Jika hal itu terus terjadi dan dipelihara, independensi mahasiswa yang identik sebagai pemimpin pemuda pada saat ini dipertanyakan ? sesungguhnya tidaklah pantas jika kampus di katakan sebagai miniatur negara, menjadi penuh intervensi. Jika di lingkup Negara kita mengetahui adanya intervensi asing maka di kampus juga ada intervensi partai politik.

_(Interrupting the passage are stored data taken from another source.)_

lemma linear_sampling:
  assumes "vector_space s"
  shows "Vector_Spaces.linear (fun_scale s) (fun_scale s) (\<lambda>D i. if i \<in> I then D (g i) else 0)"
proof -
  interpret vector_space s by fact
  show ?thesis
    using assms by (simp add: Vector_Spaces.linear_iff fun_scale_def fun_eq_iff vector_space_fun_scale)
qed

definition Pi_zero :: "'i set \<Rightarrow> ('i \<Rightarrow> 'x set) \<Rightarrow> ('i \<Rightarrow> 'x::zero) set" where
  "Pi_zero I S = {w. (\<forall>i\<in>I. w i \<in> S i) \<and> (\<forall>i. i \<notin> I \<longrightarrow> w i = 0)}"

lemma subspace_Pi_zero:
  assumes vs: "vector_space s" and S: "\<And>i. i \<in> I \<Longrightarrow> module.subspace s (S i)"
  shows "module.subspace (fun_scale s) (Pi_zero I S)"
proof -
  interpret vector_space s by fact
  interpret F: vector_space "fun_scale s" by (rule vector_space_fun_scale[OF vs])
  show ?thesis
    using S subspace_0 subspace_add subspace_scale
    by (intro F.subspaceI) (auto simp: Pi_zero_def fun_scale_def)
qed

lemma dim_Pi_zero:
  fixes s :: "'k::field \<Rightarrow> 'x::ab_group_add \<Rightarrow> 'x" and S :: "'i \<Rightarrow> 'x set"
  assumes vs: "vector_space s" and "finite I"
    and "\<And>i. i \<in> I \<Longrightarrow> module.subspace s (S i) \<and> finitely_spanned s (S i)"
  shows "vector_space.dim (fun_scale s) (Pi_zero I S) = (\<Sum>i\<in>I. vector_space.dim s (S i))"
    and "finitely_spanned (fun_scale s) (Pi_zero I S)"
proof -
  have "vector_space.dim (fun_scale s) (Pi_zero I S) = (\<Sum>i\<in>I. vector_space.dim s (S i))
         \<and> finitely_spanned (fun_scale s) (Pi_zero I S)"
    using assms(2,3)
  proof (induction I rule: finite_induct)
    case empty
    interpret F: vector_space "fun_scale s :: 'k \<Rightarrow> ('i \<Rightarrow> 'x) \<Rightarrow> _"
      by (rule vector_space_fun_scale[OF vs])
    have "Pi_zero {} S = {0}" by (auto simp: Pi_zero_def fun_eq_iff)
    then show ?case
      unfolding finitely_spanned_def
      by (auto simp: F.dim_zero_singleton intro!: exI[of _ "{}"] F.span_zero)
  next
    case (insert a I)
    interpret vector_space s by fact
    interpret F: vector_space "fun_scale s :: 'k \<Rightarrow> ('i \<Rightarrow> 'x) \<Rightarrow> _"
      by (rule vector_space_fun_scale[OF vs])
    interpret vector_space_pair "fun_scale s :: 'k \<Rightarrow> ('i \<Rightarrow> 'x) \<Rightarrow> _" s ..
    let ?P = "Pi_zero (insert a I) S"
    have ker: "?P \<inter> {w. w a = 0} = Pi_zero I S"
      using insert.hyps insert.prems subspace_0 by (auto simp: Pi_zero_def) metis
    have img: "(\<lambda>w. w a) ` ?P = S a"
    proof
      show "(\<lambda>w. w a) ` ?P \<subseteq> S a" by (auto simp: Pi_zero_def)
      show "S a \<subseteq> (\<lambda>w. w a) ` ?P"
      proof
        fix c assume "c \<in> S a"
        then have "(\<lambda>i. if i = a then c else 0) \<in> ?P"
          using insert.prems subspace_0 by (auto simp: Pi_zero_def)
        then show "c \<in> (\<lambda>w. w a) ` ?P" by (rule rev_image_eqI) simp
      qed
    qed
    note IH = insert.IH[OF insert.prems]
    note rn = rank_nullity[OF linear_evaluation[OF vs] subspace_Pi_zero[OF vs],
        of "insert a I" S a, unfolded ker img]
    show ?case
      using rn IH insert.hyps insert.prems by simp
  qed
  then show "vector_space.dim (fun_scale s) (Pi_zero I S) = (\<Sum>i\<in>I. vector_space.dim s (S i))"
    and "finitely_spanned (fun_scale s) (Pi_zero I S)"
    by simp_all
qed

definition pa_supp :: "('p \<Rightarrow> 'k::zero) \<Rightarrow> 'p set" where
  "pa_supp f = {p. f p \<noteq> 0}"

definition path_basis :: "'v \<times> 'a list \<Rightarrow> 'v \<times> 'a list \<Rightarrow> 'k::field" where
  "path_basis p = (\<lambda>q. if q = p then 1 else 0)"

lemma vtx_eq_path_basis: "vtx v = path_basis (v, [])"
  by (simp add: vtx_def path_basis_def fun_eq_iff)

lemma pa_add_eq_plus: "pa_add f g = f + g"
  by (simp add: pa_add_def fun_eq_iff)

lemma pa_scale_zero [simp]: "pa_scale 0 f = 0"
  by (simp add: pa_scale_def fun_eq_iff)

lemma chain_from_append:
  "chain_from src tgt v (as @ bs) \<longleftrightarrow>
     chain_from src tgt v as \<and> chain_from src tgt (path_end tgt (v, as)) bs"
  by (induction as arbitrary: v) (auto simp: path_end_def)

lemma path_end_Cons: "path_end tgt (v, a # as) = path_end tgt (tgt a, as)"
  by (simp add: path_end_def)

lemma valid_path_comp:
  assumes "valid_path V Ar src tgt p" "valid_path V Ar src tgt q" "composable tgt p q"
  shows "valid_path V Ar src tgt (path_comp p q)"
  using assms by (auto simp: valid_path_def path_comp_def composable_def chain_from_append)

Seyogyanya tidak selayaknya seperti itu. Sebagai miniature Negara, dinamika kehidupan kampus yang identik dengan peran sekelompok elit aktivis kampus, elit tersebut beserta lembaga yang dinaunginya tidak selayaknya mengambil jarak ataupun sesunggunya sengaja memisahkan diri dengan mahasiswa lainya.

Sesungguhnya kita sebagai elit mahasiswa harus memperpendek jarak antar golongan, tidak peduli apakah dia KAMMI, PMKRI, GMKI, PMII, HMI, GMNI tidak peduli dia mahasiswi tidak berjilbab, jilbab pendek, maupun jilbab panjang, mahasiswa harus mempunyai satu payung yang kokoh, untuk menghindari terpaan badai politik praktis dari luar kampus.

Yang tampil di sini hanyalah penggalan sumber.